◆ Problem details
Starting at the line that holds "powr (- real", copy every line exactly through the end of the data, and no others.

◆ Material for this task
(* Let $d\ge1$, $\lambda>0$, $\delta>0$, and let $f:\mathbb{R}^d\to\mathbb{R}$ satisfy: (A1) $f$ is continuous and has at least one minimizer; (A2) $\int_{\mathbb{R}^d}\exp(-f(y)/\delta)\,dy<+\infty$. Let $(x^k)_{k\in\mathbb{N}}$ be generated by ZOPPA. Then (i) $f^{\lambda,\delta}(x^k)\le f^{\lambda,\delta}(x^{k-1})-\frac{1}{2\lambda}\|x^k-x^{k-1}\|^2$ for all $k\ge1$, and (ii) $\|\nabla f^{\lambda,\delta}(x^k)\|=\frac{\|x^{k+1}-x^k\|}{\lambda}\to0$ as $k\to\infty$.
   Context: The zeroth-order proximal operator is $\operatorname{zprox}^\delta_{\lambda,f}(x)=\dfrac{\mathbb{E}_{y\sim\mathcal N(x,\lambda\delta I)}[y\exp(-f(y)/\delta)]}{\mathbb{E}_{y\sim\mathcal N(x,\lambda\delta I)}[\exp(-f(y)/\delta)]}$; the soft Moreau envelope is $f^{\lambda,\delta}(x)=-\delta\log\mathbb{E}_{y\sim\mathcal N(x,\lambda\delta I)}[\exp(-f(y)/\delta)]$. ZOPPA: given $x^0\in\mathbb{R}^d$, iterate $x^{k+1}=\operatorname{zprox}^\delta_{\lambda,f}(x^k)$. *)

theory Defs
  imports "HOL-Analysis.Analysis"
begin

definition gauss_density :: "real \<Rightarrow> 'a::euclidean_space \<Rightarrow> 'a \<Rightarrow> real" where
  "gauss_density s x y = (2 * pi * s) powr (- real DIM('a) / 2) * exp (- (norm (y - x))\<^sup>2 / (2 * s))"

definition gauss_expect :: "real \<Rightarrow> 'a::euclidean_space \<Rightarrow> ('a \<Rightarrow> 'b::{banach,second_countable_topology}) \<Rightarrow> 'b" where
  "gauss_expect s x g = (\<integral>y. gauss_density s x y *\<^sub>R g y \<partial>lborel)"

definition zprox :: "real \<Rightarrow> real \<Rightarrow> ('a::euclidean_space \<Rightarrow> real) \<Rightarrow> 'a \<Rightarrow> 'a" where
  "zprox lam del f x =
     (1 / gauss_expect (lam * del) x (\<lambda>y. exp (- f y / del))) *\<^sub>R
       gauss_expect (lam * del) x (\<lambda>y. exp (- f y / del) *\<^sub>R y)"

definition soft_moreau :: "real \<Rightarrow> real \<Rightarrow> ('a::euclidean_space \<Rightarrow> real) \<Rightarrow> 'a \<Rightarrow> real" where
  "soft_moreau lam del f x = - del * ln (gauss_expect (lam * del) x (\<lambda>y. exp (- f y / del)))"

end

theory Submission
  imports Defs
begin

◆ Solution to this task
  "gauss_density s x y = (2 * pi * s) powr (- real DIM('a) / 2) * exp (- (norm (y - x))\<^sup>2 / (2 * s))"

definition gauss_expect :: "real \<Rightarrow> 'a::euclidean_space \<Rightarrow> ('a \<Rightarrow> 'b::{banach,second_countable_topology}) \<Rightarrow> 'b" where
  "gauss_expect s x g = (\<integral>y. gauss_density s x y *\<^sub>R g y \<partial>lborel)"

definition zprox :: "real \<Rightarrow> real \<Rightarrow> ('a::euclidean_space \<Rightarrow> real) \<Rightarrow> 'a \<Rightarrow> 'a" where
  "zprox lam del f x =
     (1 / gauss_expect (lam * del) x (\<lambda>y. exp (- f y / del))) *\<^sub>R
       gauss_expect (lam * del) x (\<lambda>y. exp (- f y / del) *\<^sub>R y)"

definition soft_moreau :: "real \<Rightarrow> real \<Rightarrow> ('a::euclidean_space \<Rightarrow> real) \<Rightarrow> 'a \<Rightarrow> real" where
  "soft_moreau lam del f x = - del * ln (gauss_expect (lam * del) x (\<lambda>y. exp (- f y / del)))"

end

theory Submission
  imports Defs
begin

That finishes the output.